*** Opening Listed entries ***
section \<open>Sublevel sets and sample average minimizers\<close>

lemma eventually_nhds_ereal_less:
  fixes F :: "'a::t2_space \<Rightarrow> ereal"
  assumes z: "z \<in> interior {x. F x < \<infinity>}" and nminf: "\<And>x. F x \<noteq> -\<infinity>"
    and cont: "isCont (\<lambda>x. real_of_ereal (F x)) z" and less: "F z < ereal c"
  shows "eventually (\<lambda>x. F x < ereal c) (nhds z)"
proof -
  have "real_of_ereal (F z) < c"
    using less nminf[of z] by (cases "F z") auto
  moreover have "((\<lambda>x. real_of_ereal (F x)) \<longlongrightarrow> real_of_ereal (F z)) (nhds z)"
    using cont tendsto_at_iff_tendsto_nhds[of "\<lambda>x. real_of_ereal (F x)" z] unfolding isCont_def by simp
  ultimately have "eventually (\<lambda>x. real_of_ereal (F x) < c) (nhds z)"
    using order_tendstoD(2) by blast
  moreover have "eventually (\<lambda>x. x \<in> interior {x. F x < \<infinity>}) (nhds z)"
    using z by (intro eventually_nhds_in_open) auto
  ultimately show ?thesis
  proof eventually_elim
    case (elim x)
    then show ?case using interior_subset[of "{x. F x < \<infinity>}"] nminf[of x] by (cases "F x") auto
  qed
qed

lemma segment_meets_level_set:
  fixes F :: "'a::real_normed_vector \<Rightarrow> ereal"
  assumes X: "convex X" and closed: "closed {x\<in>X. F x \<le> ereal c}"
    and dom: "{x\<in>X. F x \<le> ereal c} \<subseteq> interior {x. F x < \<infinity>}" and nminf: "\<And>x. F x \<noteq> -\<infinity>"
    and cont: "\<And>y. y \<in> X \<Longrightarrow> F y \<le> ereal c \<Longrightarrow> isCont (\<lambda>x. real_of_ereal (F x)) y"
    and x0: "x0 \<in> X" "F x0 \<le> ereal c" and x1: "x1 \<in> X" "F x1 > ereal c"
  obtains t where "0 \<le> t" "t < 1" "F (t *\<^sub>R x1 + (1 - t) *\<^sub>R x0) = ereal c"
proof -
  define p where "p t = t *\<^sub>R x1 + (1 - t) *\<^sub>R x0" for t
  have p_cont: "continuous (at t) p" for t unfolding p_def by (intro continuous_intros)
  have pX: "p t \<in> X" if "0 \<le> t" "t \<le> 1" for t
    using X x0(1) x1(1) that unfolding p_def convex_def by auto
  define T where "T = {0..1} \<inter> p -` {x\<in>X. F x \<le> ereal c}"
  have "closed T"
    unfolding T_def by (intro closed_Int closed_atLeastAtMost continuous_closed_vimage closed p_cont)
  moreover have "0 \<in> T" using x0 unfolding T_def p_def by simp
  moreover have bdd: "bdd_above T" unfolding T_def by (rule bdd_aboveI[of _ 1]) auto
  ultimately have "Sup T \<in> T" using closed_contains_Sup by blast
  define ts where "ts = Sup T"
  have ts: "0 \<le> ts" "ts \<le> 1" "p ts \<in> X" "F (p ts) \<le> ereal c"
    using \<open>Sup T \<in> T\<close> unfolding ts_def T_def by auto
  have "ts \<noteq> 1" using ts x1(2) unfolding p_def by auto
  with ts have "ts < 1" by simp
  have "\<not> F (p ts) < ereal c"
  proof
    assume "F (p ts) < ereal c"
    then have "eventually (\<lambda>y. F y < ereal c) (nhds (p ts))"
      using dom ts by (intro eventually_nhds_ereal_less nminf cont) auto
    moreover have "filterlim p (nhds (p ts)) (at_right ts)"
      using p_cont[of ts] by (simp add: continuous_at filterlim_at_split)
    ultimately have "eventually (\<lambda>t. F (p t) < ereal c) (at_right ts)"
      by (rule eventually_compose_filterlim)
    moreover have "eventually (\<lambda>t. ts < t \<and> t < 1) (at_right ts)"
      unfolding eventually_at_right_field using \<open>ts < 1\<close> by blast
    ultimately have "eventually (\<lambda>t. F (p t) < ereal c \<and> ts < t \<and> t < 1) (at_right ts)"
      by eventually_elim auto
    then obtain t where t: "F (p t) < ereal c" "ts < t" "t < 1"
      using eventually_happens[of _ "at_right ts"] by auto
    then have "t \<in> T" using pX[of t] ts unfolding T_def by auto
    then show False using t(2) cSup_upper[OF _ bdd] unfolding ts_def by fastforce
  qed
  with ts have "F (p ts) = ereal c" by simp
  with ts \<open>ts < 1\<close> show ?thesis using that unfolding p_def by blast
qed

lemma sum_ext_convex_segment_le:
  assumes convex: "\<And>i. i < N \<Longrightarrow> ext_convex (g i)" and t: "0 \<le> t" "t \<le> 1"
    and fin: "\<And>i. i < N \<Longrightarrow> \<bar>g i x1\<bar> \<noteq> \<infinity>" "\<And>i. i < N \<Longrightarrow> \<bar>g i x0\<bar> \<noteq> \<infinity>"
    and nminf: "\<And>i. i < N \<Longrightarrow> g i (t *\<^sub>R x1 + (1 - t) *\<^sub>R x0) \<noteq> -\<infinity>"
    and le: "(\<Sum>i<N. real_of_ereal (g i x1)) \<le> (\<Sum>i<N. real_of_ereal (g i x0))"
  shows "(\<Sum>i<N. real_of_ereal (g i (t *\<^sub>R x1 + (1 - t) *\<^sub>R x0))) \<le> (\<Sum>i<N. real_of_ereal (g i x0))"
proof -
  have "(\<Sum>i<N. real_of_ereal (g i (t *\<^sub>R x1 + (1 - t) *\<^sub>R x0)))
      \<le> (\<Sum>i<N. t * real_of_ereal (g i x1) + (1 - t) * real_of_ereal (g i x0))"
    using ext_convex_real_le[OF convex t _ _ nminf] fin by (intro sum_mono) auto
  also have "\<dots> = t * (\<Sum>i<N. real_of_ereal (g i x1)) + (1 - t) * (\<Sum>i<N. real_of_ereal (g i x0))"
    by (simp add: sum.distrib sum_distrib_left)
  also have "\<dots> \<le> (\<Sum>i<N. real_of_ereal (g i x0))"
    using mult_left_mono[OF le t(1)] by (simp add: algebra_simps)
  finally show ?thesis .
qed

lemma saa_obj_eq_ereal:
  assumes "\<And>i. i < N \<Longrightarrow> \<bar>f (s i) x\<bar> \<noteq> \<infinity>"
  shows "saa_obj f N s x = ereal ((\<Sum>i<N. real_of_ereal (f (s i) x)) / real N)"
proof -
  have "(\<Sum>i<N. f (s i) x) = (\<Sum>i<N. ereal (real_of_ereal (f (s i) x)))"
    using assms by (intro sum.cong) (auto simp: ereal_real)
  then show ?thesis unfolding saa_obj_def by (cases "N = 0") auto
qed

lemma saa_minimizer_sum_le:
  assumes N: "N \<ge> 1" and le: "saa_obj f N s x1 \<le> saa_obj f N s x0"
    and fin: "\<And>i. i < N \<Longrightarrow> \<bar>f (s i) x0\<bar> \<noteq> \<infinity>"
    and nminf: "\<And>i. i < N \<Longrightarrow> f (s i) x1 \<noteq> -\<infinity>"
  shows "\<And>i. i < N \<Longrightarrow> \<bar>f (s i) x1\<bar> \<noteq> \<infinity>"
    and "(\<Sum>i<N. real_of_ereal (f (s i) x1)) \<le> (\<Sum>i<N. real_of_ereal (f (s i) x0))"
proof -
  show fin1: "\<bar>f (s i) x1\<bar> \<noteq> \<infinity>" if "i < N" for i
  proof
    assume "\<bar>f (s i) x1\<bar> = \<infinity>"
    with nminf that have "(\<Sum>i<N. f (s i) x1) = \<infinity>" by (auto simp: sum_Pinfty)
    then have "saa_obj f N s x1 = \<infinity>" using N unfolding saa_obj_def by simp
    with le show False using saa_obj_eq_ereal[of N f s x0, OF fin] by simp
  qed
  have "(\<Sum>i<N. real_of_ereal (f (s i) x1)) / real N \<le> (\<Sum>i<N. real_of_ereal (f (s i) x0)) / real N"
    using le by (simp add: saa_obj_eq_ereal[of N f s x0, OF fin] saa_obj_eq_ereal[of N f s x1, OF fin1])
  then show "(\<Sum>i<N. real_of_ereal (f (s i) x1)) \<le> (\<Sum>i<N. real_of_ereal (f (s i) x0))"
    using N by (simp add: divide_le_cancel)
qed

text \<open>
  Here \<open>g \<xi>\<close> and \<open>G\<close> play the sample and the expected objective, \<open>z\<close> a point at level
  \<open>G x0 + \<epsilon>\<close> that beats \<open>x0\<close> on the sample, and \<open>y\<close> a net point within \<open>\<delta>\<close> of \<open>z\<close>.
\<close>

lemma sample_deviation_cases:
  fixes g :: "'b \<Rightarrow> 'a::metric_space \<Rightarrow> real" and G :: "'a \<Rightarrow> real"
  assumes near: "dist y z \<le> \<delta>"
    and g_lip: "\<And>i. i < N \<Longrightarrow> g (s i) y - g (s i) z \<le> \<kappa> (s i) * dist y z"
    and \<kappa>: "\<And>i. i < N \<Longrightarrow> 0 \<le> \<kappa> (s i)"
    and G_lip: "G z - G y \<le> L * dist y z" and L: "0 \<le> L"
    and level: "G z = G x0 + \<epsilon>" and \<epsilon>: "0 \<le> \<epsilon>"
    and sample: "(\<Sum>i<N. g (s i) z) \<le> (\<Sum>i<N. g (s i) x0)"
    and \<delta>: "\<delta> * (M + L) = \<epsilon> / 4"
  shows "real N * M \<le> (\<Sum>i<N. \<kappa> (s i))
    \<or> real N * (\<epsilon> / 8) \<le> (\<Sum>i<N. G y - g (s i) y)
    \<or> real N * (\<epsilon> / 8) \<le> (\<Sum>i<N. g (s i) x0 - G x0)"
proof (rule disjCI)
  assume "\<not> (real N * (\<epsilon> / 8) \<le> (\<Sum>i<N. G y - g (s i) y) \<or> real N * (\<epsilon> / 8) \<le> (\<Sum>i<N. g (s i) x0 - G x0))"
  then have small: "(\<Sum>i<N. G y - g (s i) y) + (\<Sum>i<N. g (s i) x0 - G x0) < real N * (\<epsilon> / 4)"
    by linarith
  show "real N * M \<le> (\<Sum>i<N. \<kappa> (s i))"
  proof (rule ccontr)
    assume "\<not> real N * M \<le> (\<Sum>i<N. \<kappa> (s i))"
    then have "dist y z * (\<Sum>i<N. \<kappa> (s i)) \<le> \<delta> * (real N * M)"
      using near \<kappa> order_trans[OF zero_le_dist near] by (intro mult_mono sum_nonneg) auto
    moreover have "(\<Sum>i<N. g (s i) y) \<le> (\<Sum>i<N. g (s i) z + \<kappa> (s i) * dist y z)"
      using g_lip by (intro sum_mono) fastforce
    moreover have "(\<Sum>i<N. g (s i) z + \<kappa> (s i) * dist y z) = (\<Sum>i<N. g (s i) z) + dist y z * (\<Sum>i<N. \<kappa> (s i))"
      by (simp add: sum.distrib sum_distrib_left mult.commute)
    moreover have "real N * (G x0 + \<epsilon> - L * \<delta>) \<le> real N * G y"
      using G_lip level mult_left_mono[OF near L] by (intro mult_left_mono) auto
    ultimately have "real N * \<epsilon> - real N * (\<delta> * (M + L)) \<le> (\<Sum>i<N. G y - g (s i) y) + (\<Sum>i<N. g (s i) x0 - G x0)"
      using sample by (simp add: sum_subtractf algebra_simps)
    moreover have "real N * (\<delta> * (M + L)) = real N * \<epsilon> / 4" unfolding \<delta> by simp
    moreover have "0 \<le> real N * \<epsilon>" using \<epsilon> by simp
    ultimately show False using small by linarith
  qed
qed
*** Closing Listed entries ***
What is needed: The expected output is exactly the lines of the listing above between the line holding "p_def by simp" and the line holding "unfolding eventually_at_right_field using", inclusive.

Your response:
  moreover have "0 \<in> T" using x0 unfolding T_def p_def by simp
  moreover have bdd: "bdd_above T" unfolding T_def by (rule bdd_aboveI[of _ 1]) auto
  ultimately have "Sup T \<in> T" using closed_contains_Sup by blast
  define ts where "ts = Sup T"
  have ts: "0 \<le> ts" "ts \<le> 1" "p ts \<in> X" "F (p ts) \<le> ereal c"
    using \<open>Sup T \<in> T\<close> unfolding ts_def T_def by auto
  have "ts \<noteq> 1" using ts x1(2) unfolding p_def by auto
  with ts have "ts < 1" by simp
  have "\<not> F (p ts) < ereal c"
  proof
    assume "F (p ts) < ereal c"
    then have "eventually (\<lambda>y. F y < ereal c) (nhds (p ts))"
      using dom ts by (intro eventually_nhds_ereal_less nminf cont) auto
    moreover have "filterlim p (nhds (p ts)) (at_right ts)"
      using p_cont[of ts] by (simp add: continuous_at filterlim_at_split)
    ultimately have "eventually (\<lambda>t. F (p t) < ereal c) (at_right ts)"
      by (rule eventually_compose_filterlim)
    moreover have "eventually (\<lambda>t. ts < t \<and> t < 1) (at_right ts)"
      unfolding eventually_at_right_field using \<open>ts < 1\<close> by blast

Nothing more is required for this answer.